Performance Optimization and Simulation Test of No-Tillage Corn Precision Planter Based on Discrete Element Method (DEM)

Abstract

In order to test the influence of the structural design of a no-tillage corn precision planter on vibration stability performance, a vibration model was constructed with the help of MATLAB/Simulink, and it was concluded that the vibration response curve of the no-tillage corn precision planter was relatively smooth. Based on the theory of the discrete element method (DEM), taking the planting apparatus of the no-tillage corn precision planter as the research object, firstly, a DEM single-factor test was carried out to investigate the effects of the slot inclination angle, number of slots, and rotational speed of the planter plate on the disturbance performance. Then, a three-factor, three-level orthogonal test was conducted with the maximum amount of seed discharging, the minimum average speed, and the minimum average kinetic energy as the final optimization objectives, and the qualified rate of seed discharging and the leakage rate as the evaluation indexes.
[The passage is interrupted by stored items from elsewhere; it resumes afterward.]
text \<open>\<open>v\<close> takes \<open>x\<close> or \<open>y\<close>, depending on whether \<open>x\<close> was taken in the role of \<open>y\<close>.\<close>

lemma disjoint_selection_split_off:
  assumes fin: "\<forall>s\<in>V. finite (A s)" and v: "v \<in> V" "x \<in> A v" "y \<in> A v" "x \<noteq> y"
    and sel: "disjoint_selection V (split_off v x y A) (d(v := d v - 1)) T'"
  shows "\<exists>T. disjoint_selection V A d T"
proof -
  have T'_sub: "T' s \<subseteq> split_off v x y A s"
    and T'_card: "(d(v := d v - 1)) s \<le> card (T' s)" if "s \<in> V" for s
    using sel that unfolding disjoint_selection_def by auto
  have disj: "disjoint_family_on T' V" using sel by (simp add: disjoint_selection_def)
  have y_unused: "y \<notin> T' s" if "s \<in> V" for s
    using T'_sub[OF that] v(4) by (auto simp: split_off_def split: if_splits)
  have T'_fin: "finite (T' s)" if "s \<in> V" for s
    by (rule finite_subset[OF T'_sub[OF that]]) (use fin that in \<open>auto simp: split_off_def\<close>)
  have x_v: "x \<notin> T' v" using T'_sub[OF v(1)] by (auto simp: split_off_def)
  show ?thesis
  proof (cases "\<exists>w\<in>V. w \<noteq> v \<and> y \<in> A w \<and> x \<in> T' w")
    case True
    then obtain w where w: "w \<in> V" "w \<noteq> v" "y \<in> A w" "x \<in> T' w" by blast
    have x_unused: "x \<notin> T' s" if "s \<in> V" "s \<noteq> w" for s
      using disjoint_family_onD[OF disj that(1) w(1) that(2)] w(4) by blast
    define T where "T = T'(v := insert x (T' v), w := insert y (T' w - {x}))"
    have "disjoint_selection V A d T"
      unfolding disjoint_selection_def
    proof (intro conjI ballI)
      fix s assume s: "s \<in> V"
      show "T s \<subseteq> A s"
        using T'_sub[OF s] x_unused[OF s] v w by (auto simp: T_def split_off_def split: if_splits)
      show "d s \<le> card (T s)"
        using T'_card[OF s] w T'_fin[OF v(1)] T'_fin[OF w(1)] x_v y_unused[OF w(1)] v(4)
        by (auto simp: T_def card_Suc_Diff1)
    next
      show "disjoint_family_on T V"
        using disj x_unused y_unused w(2) v(4) unfolding disjoint_family_on_def T_def by auto
    qed
    then show ?thesis by blast
  next
    case False
    define T where "T = T'(v := insert y (T' v))"
    have "disjoint_selection V A d T"
      unfolding disjoint_selection_def
    proof (intro conjI ballI)
      fix s assume s: "s \<in> V"
      show "T s \<subseteq> A s"
        using T'_sub[OF s] v False s by (auto simp: T_def split_off_def split: if_splits)
      show "d s \<le> card (T s)"
        using T'_card[OF s] T'_fin[OF v(1)] y_unused[OF v(1)] by (auto simp: T_def)
    next
      show "disjoint_family_on T V"
        using disj y_unused unfolding disjoint_family_on_def T_def by auto
    qed
    then show ?thesis by blast
  qed
qed

lemma remove_shared_pair_reduction:
  assumes fin: "finite V" "\<forall>s\<in>V. finite (A s)" and deg: "\<forall>z. card {s\<in>V. z \<in> A s} \<le> 2"
    and dem: "\<forall>s\<in>V. 2 * d s \<le> card (A s)"
    and vu: "v \<in> V" "u \<in> V" "v \<noteq> u"
    and mem: "x \<in> A v" "y \<in> A v" "x \<in> A u" "y \<in> A u" "x \<noteq> y"
  shows "(\<Sum>s\<in>V. card ((A(v := A v - {x, y}, u := A u - {x, y})) s)) < (\<Sum>s\<in>V. card (A s))"
    and "\<forall>s\<in>V. finite ((A(v := A v - {x, y}, u := A u - {x, y})) s)"
    and "\<forall>z. card {s\<in>V. z \<in> (A(v := A v - {x, y}, u := A u - {x, y})) s} \<le> 2"
    and "\<forall>s\<in>V. 2 * (d(v := d v - 1, u := d u - 1)) s
      \<le> card ((A(v := A v - {x, y}, u := A u - {x, y})) s)"
proof -
  let ?A' = "A(v := A v - {x, y}, u := A u - {x, y})"
  have card_A': "card (?A' s) = (if s = v \<or> s = u then card (A s) - 2 else card (A s))"
    if "s \<in> V" for s
    using that mem vu fin(2) by (auto simp: card_Diff_subset numeral_2_eq_2)
  have "2 \<le> card (A v)"
    using mem vu(1) fin(2) by (metis card_2_iff card_mono empty_subsetI insert_subset)
  then show "(\<Sum>s\<in>V. card (?A' s)) < (\<Sum>s\<in>V. card (A s))"
    using card_A' vu(1) by (intro sum_strict_mono_ex1[OF fin(1)]) (auto intro!: bexI[of _ v])
  show "\<forall>s\<in>V. finite (?A' s)" using fin(2) vu by simp
  show "\<forall>z. card {s\<in>V. z \<in> ?A' s} \<le> 2"
  proof
    fix z
    have "card {s\<in>V. z \<in> ?A' s} \<le> card {s\<in>V. z \<in> A s}"
      using fin(1) by (intro card_mono) auto
    then show "card {s\<in>V. z \<in> ?A' s} \<le> 2" using deg le_trans by blast
  qed
  show "\<forall>s\<in>V. 2 * (d(v := d v - 1, u := d u - 1)) s \<le> card (?A' s)"
    using dem card_A' by auto
qed
(* Let $k$ be a field of characteristic $0$ and let $\mathcal L$, $\mathcal L'$ be centreless Lie tori over $k$ of types $(\Delta,\Lambda)$ and $(\Delta',\Lambda')$ respectively. If $\mathcal L$ is isotopic to $\mathcal L'$, then $\Lambda/\Gamma(\mathcal L)\cong\Lambda'/\Gamma(\mathcal L')$ as groups.
   Context: An irreducible finite root system is a finite subset $\Delta$ of a finite-dimensional vector space with $0\in\Delta$ and $\Delta^\times:=\Delta\setminus\{0\}$ an irreducible (possibly non-reduced) root system in the usual sense; $Q=\mathrm{span}_{\mathbb Z}\Delta$, $\alpha^\vee$ coroots, $\Delta^\times_{\mathrm{ind}}=\Delta^\times\setminus2\Delta^\times$. Let $\Lambda$ be a finitely generated free abelian group. A Lie torus of type $(\Delta,\Lambda)$ is a Lie algebra $\mathcal L$ over $k$ with a $Q\times\Lambda$-grading $\mathcal L=\bigoplus\mathcal L_\alpha^\lambda$ ($\mathcal L_\alpha:=\bigoplus_\lambda\mathcal L_\alpha^\lambda$, $\mathcal L^\lambda:=\bigoplus_\alpha\mathcal L_\alpha^\lambda$) such that: (LT1) $\{\alpha:\mathcal L_\alpha\neq0\}=\Delta$; (LT2)(i) $\mathcal L_\alpha^0\neq0$ for $\alpha\in\Delta^\times_{\mathrm{ind}}$; (ii) whenever $\alpha\in\Delta^\times$ and $\mathcal L_\alpha^\lambda\ne0$ there are $e\in\mathcal L_\alpha^\lambda$, $f\in\mathcal L_{-\alpha}^{-\lambda}$ with $\mathcal L_\alpha^\lambda=ke$, $\mathcal L_{-\alpha}^{-\lambda}=kf$, $[[e,f],x]=\langle\beta,\alpha^\vee\rangle x$ for $x\in\mathcal L_\beta$, $\beta\in Q$; (LT3) $\mathcal L$ is generated by the $\mathcal L_\alpha$, $\alpha\in\Delta^\times$; (LT4) $\Lambda$ is generated by $\{\lambda:\mathcal L^\lambda\ne0\}$. Centreless = zero centre. Centroid $C=\{c\in\mathrm{End}_k\mathcal L:c[x,y]=[cx,y]=[x,cy]\}$; for $\lambda\in\Lambda$ put $C^\lambda=\{c\in C:c(\mathcal L^\mu)\subseteq\mathcal L^{\mu+\lambda}\ \forall\mu\in\Lambda\}$; then $C=\bigoplus_\lambda C^\lambda$ and $\Gamma(\mathcal L):=\{\lambda:C^\lambda\ne0\}$ is a subgroup of $\Lambda$. An isotopy from $\mathcal L$ onto $\mathcal L'$ is an algebra isomorphism $\varphi$ such that $\varphi(\mathcal L_\alpha^\lambda)=\mathcal L'^{\,\varphi_e(\lambda)+\varphi_s(\alpha)}_{\varphi_r(\alpha)}$ for all $\alpha\in Q$, $\lambda\in\Lambda$, where $\varphi_r:Q\to Q'=\mathrm{span}_{\mathbb Z}\Delta'$ and $\varphi_e:\Lambda\to\Lambda'$ are group isomorphisms and $\varphi_s:Q\to\Lambda'$ is a group homomorphism; $\mathcal L$ and $\mathcal L'$ are isotopic if such an isotopy exists. *)

theory Defs
  imports "HOL-Analysis.Analysis" "HOL-Algebra.Coset"
begin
The results show that the larger the inclination angle, the higher the number of slots, and the faster the rotational speed, the more violent the particle disturbance. At the same time, when the slot inclination angle of the planter plate is 60°, the number of slots is 20, and the rotational speed is 55 rpm, the seed discharge efficiency is the highest, at this time, the seed discharge qualification rate of maize particles is 95%, and the leakage rate is 3%; the results of this test can provide technical support for the research of the same kind of precision sowing equipment in the future.